On July 14, 1999 the defendant filed a Motion to Dismiss pursuant to § 10-31 of the Connecticut Practice Book alleging that the State of Connecticut lacks the requisite subject matter jurisdiction under the Uniform Child Custody Jurisdiction Act also known as "UCCJA". The defendant filed a Memorandum of Law dated with his motion and, plaintiff filed a Memorandum of Law dated August 31, 1999. The parties appeared before the court on September 1998, when the court heard evidence and oral argument.

By way of background, the plaintiff commenced a dissolution of marriage action against the defendant dated April 20, 1990. Said matter went to judgment on April 15, 1991. The court awarded custody of the three minor children who were found to be lawful issue of the parties, namely, Samantha Joe Meador, Alexandria Marie Meador, and Jaime Anne Meador to the defendant Lloyd Meador granting liberal and reasonable visitation rights with the minor children. The judgment contemplated residence of the minor children with the defendant father in the state of Iowa and retained jurisdiction for the purpose of visitation in the event the plaintiff moved her residence to the State of Iowa. No motion for modification of custody and/or visitation have been filed with this court since the date of the judgment.

At the hearing on September 8, 1999, the court heard testimony from the plaintiff/mother, Kimberly Hulevitch. The plaintiff stated that she has had one month visitation with the CT Page 12942 minor children during the summer and approximately two weeks the rest of the year since the date of the dissolution of the marriage. The plaintiff confirmed that since the date of the dissolution of the marriage the children have resided with their father in the State of Iowa. Since April 1991, all medical, dental and other health related treatment for the minor children has occurred in the State of Iowa. Further, the children have resided with their father in the State of Iowa since the dissolution of the marriage and have attended school in the State of Iowa.

The plaintiff admitted on cross-examination that the individuals who would be called to testify concerning the present medical, psychological, and educational issues are all located in the State of Iowa. The plaintiff, however, contended that the hearing concerning the change of custody of the children could occur in the State of Connecticut with the use of depositions, home study reports, interrogatories, and production. The plaintiff further stated that prior health care providers, family relation officers and witnesses who were involved with the children prior to April 1999 are located in Connecticut.

The defendant contends that under the provisions of the UCCJA the court should grant the Motion to Dismiss on the grounds that it does not have jurisdiction to hear the Motion to Reopen Judgment for the purposes of modifying custody. In short, the defendant contends that Connecticut General Statutes § 46b-931 sets out the statutory framework for the court's subject matter jurisdiction to hear the petition for custody. The defendant contends that the court does not have jurisdiction to hear the Motion for Modification because although the plaintiff resides in this state and therefore has a significant connection with the state, there is not available in the State of Connecticut substantial evidence concerning the children's present or future care, protection, training, and personal relationships. See § 46b-93 (a)(2)(B).
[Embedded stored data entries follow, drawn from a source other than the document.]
text \<open>Let A(t) be the integral of a over [0,t]. Since a decreases, A(t) \<ge> t a(t) ~ L t^(1-\<gamma>),
  so exp(-\<mu> A(t)) decays faster than any power of t. For the second claim put q = (p+2)/2 and
  k = \<gamma>(q-1) = p\<gamma>/2. The quantity in question is F(t)/G(t) with F(t) the integral of a^q e^(\<mu>A)
  over [0,t] and G(t) = t^(-k) e^(\<mu>A(t)). Here G \<rightarrow> \<infinity>, and away from the jumps of a
  F'/G' = a^q / (t^(-k) (\<mu>a - k/t)), which in terms of b(t) = t^\<gamma> a(t) \<rightarrow> L equals
  b^q / (\<mu>b - k t^(\<gamma>-1)) \<rightarrow> L^(q-1)/\<mu>. L'Hopital's rule, in a form phrased with integrals so
  that it tolerates the jumps of a, gives the limit.\<close>

lemma absolutely_integrable_on_antimono_on:
  fixes h :: "real \<Rightarrow> real"
  assumes "antimono_on {s..t} h"
  shows "h absolutely_integrable_on {s..t}"
proof -
  have "mono_on {s..t} (\<lambda>x. - h x)"
    using assms by (auto simp: monotone_on_def)
  then have "integrable (lebesgue_on {s..t}) (\<lambda>x. - h x)"
    by (rule integrable_mono_on)
  then have "integrable (lebesgue_on {s..t}) h"
    using integrable_minus by fastforce
  then show ?thesis
    by (simp add: absolutely_integrable_measurable_real borel_measurable_integrable)
qed

lemma integrable_on_antimono_on_atLeast:
  fixes a :: "real \<Rightarrow> real"
  assumes "antimono_on {s..} a"
  shows "a integrable_on {s..t}"
  using absolutely_integrable_on_antimono_on[OF monotone_on_subset[OF assms]]
  by (simp add: absolutely_integrable_on_def)
definition describes :: "(cantor \<Rightarrow> cantor) \<Rightarrow> bool list list \<Rightarrow> bool list list \<Rightarrow> bool" where
  "describes v ms ms' \<longleftrightarrow> length ms = length ms' \<and> is_cyl_partition ms \<and> is_cyl_partition ms'
     \<and> (\<forall>k < length ms. \<forall>x. v (cat (ms ! k) x) = cat (ms' ! k) x)"

definition thompsonV :: "(cantor \<Rightarrow> cantor) set" where
  "thompsonV = {v. \<exists>ms ms'. describes v ms ms'}"

(* log_2 of the slope v'(x) = 2^(|m_k| - |m'_k|) for x in C_{m_k} *)
definition log2_slope :: "(cantor \<Rightarrow> cantor) \<Rightarrow> cantor \<Rightarrow> int" where
  "log2_slope v x = (THE d. \<exists>ms ms' k. describes v ms ms' \<and> k < length ms \<and> x \<in> cyl (ms ! k)
        \<and> d = int (length (ms ! k)) - int (length (ms' ! k)))"

definition Q2 :: "cantor set" where
  "Q2 = {x. finite {n. x n}}"

(* identification with dyadic rationals: x |-> sum_{n>=1} x_n 2^{-n} (our index n corresponds to x_{n+1}) *)
definition dyadic :: "cantor \<Rightarrow> rat" where
  "dyadic x = (\<Sum>n\<in>{n. x n}. (1/2) ^ Suc n)"

definition nu :: "rat \<Rightarrow> int" where
  "nu r = (if r = 0 then 0 else
     (THE k::int. \<exists>p q::int. odd p \<and> odd q \<and> r = 2 powi k * (of_int p / of_int q)))"

definition pexp :: "(cantor \<Rightarrow> cantor) \<Rightarrow> cantor \<Rightarrow> int" where
  "pexp v x = log2_slope v (inv_into UNIV v x) - nu (dyadic x) + nu (dyadic (inv_into UNIV v x))"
The plaintiff claims that under the federal law, i.e. Parental Kidnaping Prevention Act, also known as PKPA, 28 U.S. Code § 173 8A, the courts of Connecticut retain jurisdiction to hear the Motion to Modify Custody. The plaintiff claims that because the State of Connecticut had original jurisdiction to grant the dissolution of the marriage and order custody to the defendant the State of Connecticut retains jurisdiction to hear the Motion to Modify Custody under 28 U.S. Code § 1738A CT Page 12943 (d).2 The plaintiff further argues that since the State of Connecticut remains the residence of the plaintiff who was an original contestant to the court's determination of custody, the Connecticut court must hear the Motion to Modify Custody because it has jurisdiction under its laws. See 28 U.S. Code § 1738A (c).3

After reviewing the evidence applicable statutory language and case law cited by the parties in their briefs, the Court concludes that court does not have jurisdiction to hear the plaintiffs Motion to Modify Custody. The court concludes that it no longer has the requisite subject matter jurisdiction to adjudicate these issues involving custody of the parties minor children. That UCCJA codified at Connecticut General Statutes 46b-93, et seq., requires the court to test the evidence against the statutory framework of § 46b-93. After hearing the evidence and reviewing the file, the court concludes that this state, i.e., the State of Connecticut, does not have available substantial evidence in this state concerning the children'spresent or future care, protection, training and personal relationships. (Emphasis supplied)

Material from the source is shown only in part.